We can calculate water to land ratio, dividing water area with land area. Is there any country that has more water than land? Let's find out:

In [10]:
%%sql

SELECT name, 
       CAST(area_water AS Float) / CAST(area_land AS Float) AS water_to_land
  FROM facts
 ORDER BY water_to_land DESC
 LIMIT 20;

 * sqlite:///factbook.db
Done.


name,water_to_land
British Indian Ocean Territory,905.6666666666666
Virgin Islands,4.520231213872832
Puerto Rico,0.5547914317925592
"Bahamas, The",0.3866133866133866
Guinea-Bissau,0.2846728307254623
Malawi,0.2593962585034013
Netherlands,0.2257103236656536
Uganda,0.2229223744292237
Eritrea,0.1643564356435643
Liberia,0.1562396179401993


When land area is bigger than water area, ratio is below 1. Therefore, we can see there are two countries with bigger water area than land area: [British Indian Ocean Territory](https://en.wikipedia.org/wiki/British_Indian_Ocean_Territory) and [Virgin Islands](https://en.wikipedia.org/wiki/Virgin_Islands). Searching on the web about this countries, we can see data is right.
Database also provides information about birth rates and death rates, here's the information about the columns:
- *birth_rate* — the country's birth rate, or the number of births per year per 1,000 people.
- *death_rate* — the country's death rate, or the number of death per year per 1,000 people.
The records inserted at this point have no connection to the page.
(* Let $H$ be a finite group, let $N$ be a subgroup of the center $Z(H)$, let $g \colon H \to H' = H/N$ be the canonical projection, and let $\psi \colon H \to \Gamma'$ be a homomorphism to an abelian group $\Gamma'$. Suppose $\ker g \cap \ker \psi = \{e\}$. Let $\mathcal{A}$ be an abelian subgroup of $H$ of the smallest possible index among abelian subgroups of $H$, and $\mathcal{A}'$ an abelian subgroup of $H'$ of the smallest possible index among abelian subgroups of $H'$. Then $[H : \mathcal{A}] = [H' : \mathcal{A}']$.
   Context: $e$ denotes the neutral element, $Z(H)$ the center of $H$, and $[A:B]$ the index of a subgroup $B$ in a group $A$. *)

theory Defs
  imports "HOL-Algebra.Algebra"
begin

definition center :: "('a, 'm) monoid_scheme \<Rightarrow> 'a set" where
  "center G = {z \<in> carrier G. \<forall>x \<in> carrier G. z \<otimes>\<^bsub>G\<^esub> x = x \<otimes>\<^bsub>G\<^esub> z}"

definition abelian_subgroup :: "'a set \<Rightarrow> ('a, 'm) monoid_scheme \<Rightarrow> bool" where
  "abelian_subgroup A G \<longleftrightarrow> subgroup A G \<and> comm_group (G\<lparr>carrier := A\<rparr>)"

definition subgroup_index :: "('a, 'm) monoid_scheme \<Rightarrow> 'a set \<Rightarrow> nat" where
  "subgroup_index G A = card (rcosets\<^bsub>G\<^esub> A)"

definition min_index_abelian_subgroup :: "'a set \<Rightarrow> ('a, 'm) monoid_scheme \<Rightarrow> bool" where
  "min_index_abelian_subgroup A G \<longleftrightarrow> abelian_subgroup A G \<and>
     (\<forall>B. abelian_subgroup B G \<longrightarrow> subgroup_index G A \<le> subgroup_index G B)"

end

theory Submission imports Defs begin

text \<open>A commutator of two elements of the preimage of an abelian subgroup of \<open>H/N\<close> maps to
  \<open>e\<close> both in \<open>H/N\<close> and in the abelian group \<open>\<Gamma>'\<close>, so it lies in \<open>ker g \<inter> ker \<psi> = {e}\<close>:
  preimages of abelian subgroups of \<open>H/N\<close> are abelian, and they have the same index.
  Conversely, the image of an abelian subgroup \<open>A\<close> of \<open>H\<close> is abelian, of index
  \<open>[H : AN] \<le> [H : A]\<close>. Comparing the minimal indices in both directions gives equality.
  Centrality of \<open>N\<close> is only needed to make \<open>N\<close> normal.\<close>

lemma (in group) center_subgroup_imp_normal:
  assumes "subgroup N G" and "N \<subseteq> center G"
  shows "N \<lhd> G"
proof (rule normalI[OF assms(1)], intro ballI)
  fix x assume "x \<in> carrier G"
  then have "\<And>n. n \<in> N \<Longrightarrow> n \<otimes> x = x \<otimes> n"
    using assms(2) unfolding center_def by blast
  then show "N #> x = x <# N"
    unfolding r_coset_def l_coset_def by auto
qed

lemma (in normal) group_hom_r_coset: "group_hom G (G Mod H) (\<lambda>x. H #> x)"
  by (simp add: group_hom_def group_hom_axioms_def is_group factorgroup_is_group r_coset_hom_Mod)

lemma (in group) abelian_subgroup_iff:
  "abelian_subgroup A G \<longleftrightarrow> subgroup A G \<and> (\<forall>x\<in>A. \<forall>y\<in>A. x \<otimes> y = y \<otimes> x)"
proof (cases "subgroup A G")
  case True
  then interpret A: group "G\<lparr>carrier := A\<rparr>"
    by (rule subgroup.subgroup_is_group[OF _ is_group])
  show ?thesis
    unfolding abelian_subgroup_def
    using A.group_comm_groupI comm_groupE(4) by fastforce
qed (simp add: abelian_subgroup_def)

lemma (in group_hom) subgroup_vimage:
  assumes "subgroup B H"
  shows "subgroup (h -` B \<inter> carrier G) G"
proof -
  interpret B: subgroup B H by fact
  show ?thesis
  proof (rule G.subgroupI)
    show "h -` B \<inter> carrier G \<noteq> {}"
      using B.one_closed by force
  qed (auto simp: B.m_closed)
qed

lemma (in group_hom) abelian_subgroup_image:
  assumes "abelian_subgroup A G"
  shows "abelian_subgroup (h ` A) H"
proof -
  have A: "subgroup A G" and comm: "\<forall>x\<in>A. \<forall>y\<in>A. x \<otimes> y = y \<otimes> x"
    using assms G.abelian_subgroup_iff by auto
  then have "\<forall>x\<in>A. \<forall>y\<in>A. h x \<otimes>\<^bsub>H\<^esub> h y = h y \<otimes>\<^bsub>H\<^esub> h x"
    by (metis hom_mult subgroup.mem_carrier)
  with subgroup_img_is_subgroup[OF A] show ?thesis
    by (simp add: H.abelian_subgroup_iff)
qed

lemma (in group_hom) commutator_in_kernel:
  assumes "x \<in> carrier G" "y \<in> carrier G" and "h x \<otimes>\<^bsub>H\<^esub> h y = h y \<otimes>\<^bsub>H\<^esub> h x"
  shows "x \<otimes> y \<otimes> inv (y \<otimes> x) \<in> kernel G H h"
  using assms by (simp add: kernel_def)

lemma (in group_hom) abelian_subgroup_vimage:
  assumes "comm_group \<Gamma>" and "\<psi> \<in> hom G \<Gamma>"
    and ker: "kernel G H h \<inter> kernel G \<Gamma> \<psi> = {\<one>}"
    and "abelian_subgroup B H"
  shows "abelian_subgroup (h -` B \<inter> carrier G) G"
proof -
  interpret \<Gamma>: comm_group \<Gamma> by fact
  interpret \<psi>: group_hom G \<Gamma> \<psi>
    using assms(2) by (simp add: group_hom_def group_hom_axioms_def G.is_group \<Gamma>.is_group)
  have B: "subgroup B H" and comm: "\<forall>u\<in>B. \<forall>v\<in>B. u \<otimes>\<^bsub>H\<^esub> v = v \<otimes>\<^bsub>H\<^esub> u"
    using assms(4) H.abelian_subgroup_iff by auto
  have "x \<otimes> y = y \<otimes> x" if x: "x \<in> carrier G" "h x \<in> B" and y: "y \<in> carrier G" "h y \<in> B" for x y
  proof -
    have "x \<otimes> y \<otimes> inv (y \<otimes> x) \<in> kernel G H h \<inter> kernel G \<Gamma> \<psi>"
      using commutator_in_kernel \<psi>.commutator_in_kernel \<Gamma>.m_comm comm x y by simp
    then have "x \<otimes> y \<otimes> inv (y \<otimes> x) = \<one>" using ker by blast
    then show ?thesis
      using x y by (metis G.inv_solve_right G.l_one G.m_closed G.one_closed)
  qed
  with subgroup_vimage[OF B] show ?thesis
    by (auto simp: G.abelian_subgroup_iff)
qed

lemma (in group) subgroup_index_antimono:
  assumes "finite (carrier G)" "subgroup A G" "subgroup C G" "A \<subseteq> C"
  shows "subgroup_index G C \<le> subgroup_index G A"
proof -
  have "finite C" using assms(1,3) subgroup.subset finite_subset by blast
  then have "card A \<le> card C" using assms(4) by (rule card_mono)
  moreover have "card A > 0"
    using \<open>finite C\<close> assms(2,4) subgroup.one_closed by (metis card_gt_0_iff empty_iff finite_subset)
  moreover have "subgroup_index G A * card A = subgroup_index G C * card C"
    using lagrange[OF assms(2)] lagrange[OF assms(3)] unfolding subgroup_index_def by simp
  ultimately have "subgroup_index G C * card A \<le> subgroup_index G A * card A"
    by (metis mult_le_mono2)
  with \<open>card A > 0\<close> show ?thesis by simp
qed

lemma (in normal) card_vimage_r_coset:
  assumes "subgroup B (G Mod H)"
  shows "card ((\<lambda>x. H #> x) -` B \<inter> carrier G) = card B * card H"
proof -
  interpret q: group_hom G "G Mod H" "\<lambda>x. H #> x" by (rule group_hom_r_coset)
  let ?B = "(\<lambda>x. H #> x) -` B \<inter> carrier G"
  have sB: "subgroup ?B G" by (rule q.subgroup_vimage[OF assms])
  have "H \<subseteq> ?B"
    using coset_join2 subgroup_axioms subgroup.one_closed[OF assms] subset by auto
  then have sH: "subgroup H (G\<lparr>carrier := ?B\<rparr>)"
    by (rule subgroup_incl[OF subgroup_axioms sB])
  have "rcosets\<^bsub>G\<lparr>carrier := ?B\<rparr>\<^esub> H = (\<lambda>x. H #> x) ` ?B"
    by (auto simp: RCOSETS_def r_coset_def)
  also have "\<dots> = B"
    using subgroup.subset[OF assms] by (auto simp: carrier_FactGroup)
  finally show ?thesis
    using group.lagrange[OF subgroup.subgroup_is_group[OF sB is_group] sH]
    by (simp add: order_def)
qed

lemma (in normal) subgroup_index_vimage_r_coset:
  assumes "finite (carrier G)" "subgroup B (G Mod H)"
  shows "subgroup_index G ((\<lambda>x. H #> x) -` B \<inter> carrier G) = subgroup_index (G Mod H) B"
proof -
  interpret q: group_hom G "G Mod H" "\<lambda>x. H #> x" by (rule group_hom_r_coset)
  have "card H > 0"
    using assms(1) subset subgroup.one_closed[OF subgroup_axioms]
    by (metis card_gt_0_iff empty_iff finite_subset)
  moreover have "card B > 0"
    using assms subgroup.subset subgroup.one_closed
    by (metis card_gt_0_iff carrier_FactGroup empty_iff finite_imageI finite_subset)
  moreover
  have "subgroup_index G ((\<lambda>x. H #> x) -` B \<inter> carrier G) * (card B * card H) = order G"
    using lagrange[OF q.subgroup_vimage[OF assms(2)]] card_vimage_r_coset[OF assms(2)]
    by (simp add: subgroup_index_def)
  moreover have "subgroup_index (G Mod H) B * (card B * card H) = order G"
    using q.H.lagrange[OF assms(2)] lagrange[OF subgroup_axioms]
    by (simp add: subgroup_index_def order_def FactGroup_def flip: mult.assoc)
  ultimately show ?thesis
    by (metis mult_right_cancel nat_0_less_mult_iff not_less0)
qed

lemma (in normal) subgroup_index_image_r_coset_le:
  assumes "finite (carrier G)" "subgroup A G"
  shows "subgroup_index (G Mod H) ((\<lambda>x. H #> x) ` A) \<le> subgroup_index G A"
proof -
  interpret q: group_hom G "G Mod H" "\<lambda>x. H #> x" by (rule group_hom_r_coset)
  have "subgroup ((\<lambda>x. H #> x) ` A) (G Mod H)"
    by (rule q.subgroup_img_is_subgroup[OF assms(2)])
  moreover have "A \<subseteq> (\<lambda>x. H #> x) -` (\<lambda>x. H #> x) ` A \<inter> carrier G"
    using subgroup.subset[OF assms(2)] by auto
  ultimately show ?thesis
    using subgroup_index_antimono[OF assms(1,2) q.subgroup_vimage] subgroup_index_vimage_r_coset[OF assms(1)]
    by metis
qed

theorem mainTheorem4:
  fixes H :: "('a, 'm) monoid_scheme" and \<Gamma> :: "('c, 'n) monoid_scheme"
    and N :: "'a set" and \<psi> :: "'a \<Rightarrow> 'c"
    and A :: "'a set" and A' :: "'a set set"
  assumes "group H" and "finite (carrier H)"
    and "subgroup N H" and "N \<subseteq> center H"
    and "comm_group \<Gamma>" and "\<psi> \<in> hom H \<Gamma>"
    and "kernel H (H Mod N) (\<lambda>x. N #>\<^bsub>H\<^esub> x) \<inter> kernel H \<Gamma> \<psi> = {\<one>\<^bsub>H\<^esub>}"
    and "min_index_abelian_subgroup A H"
    and "min_index_abelian_subgroup A' (H Mod N)"
  shows "subgroup_index H A = subgroup_index (H Mod N) A'"
proof -
  interpret normal N H
    using group.center_subgroup_imp_normal assms(1,3,4) by blast
  interpret q: group_hom H "H Mod N" "\<lambda>x. N #>\<^bsub>H\<^esub> x" by (rule group_hom_r_coset)
  have A: "abelian_subgroup A H" and A': "abelian_subgroup A' (H Mod N)"
    using assms(8,9) unfolding min_index_abelian_subgroup_def by auto
  have "subgroup_index H A \<le> subgroup_index H ((\<lambda>x. N #>\<^bsub>H\<^esub> x) -` A' \<inter> carrier H)"
    using assms(8) q.abelian_subgroup_vimage[OF assms(5-7) A']
    unfolding min_index_abelian_subgroup_def by blast
  also have "\<dots> = subgroup_index (H Mod N) A'"
    using subgroup_index_vimage_r_coset assms(2) A' abelian_subgroup_def by blast
  finally have le: "subgroup_index H A \<le> subgroup_index (H Mod N) A'" .
  have "subgroup_index (H Mod N) A' \<le> subgroup_index (H Mod N) ((\<lambda>x. N #>\<^bsub>H\<^esub> x) ` A)"
    using assms(9) q.abelian_subgroup_image[OF A]
    unfolding min_index_abelian_subgroup_def by blast
  also have "\<dots> \<le> subgroup_index H A"
    using subgroup_index_image_r_coset_le assms(2) A abelian_subgroup_def by blast
  finally show ?thesis using le by simp
qed

end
Are there any countries with higher death rates than birth rates?

In [11]:
%%sql

SELECT name,
       death_rate,
       birth_rate
  FROM facts
 WHERE death_rate > birth_rate

 * sqlite:///factbook.db
Done.


name,death_rate,birth_rate
Austria,9.42,9.41
Belarus,13.36,10.7
Bosnia and Herzegovina,9.75,8.87
Bulgaria,14.44,8.92
Croatia,12.18,9.45
Czech Republic,10.34,9.63
Estonia,12.4,10.51
Germany,11.42,8.47
Greece,11.09,8.66
Hungary,12.73,9.16


Having a death rate higher than birth rate would lead to a decrease in population.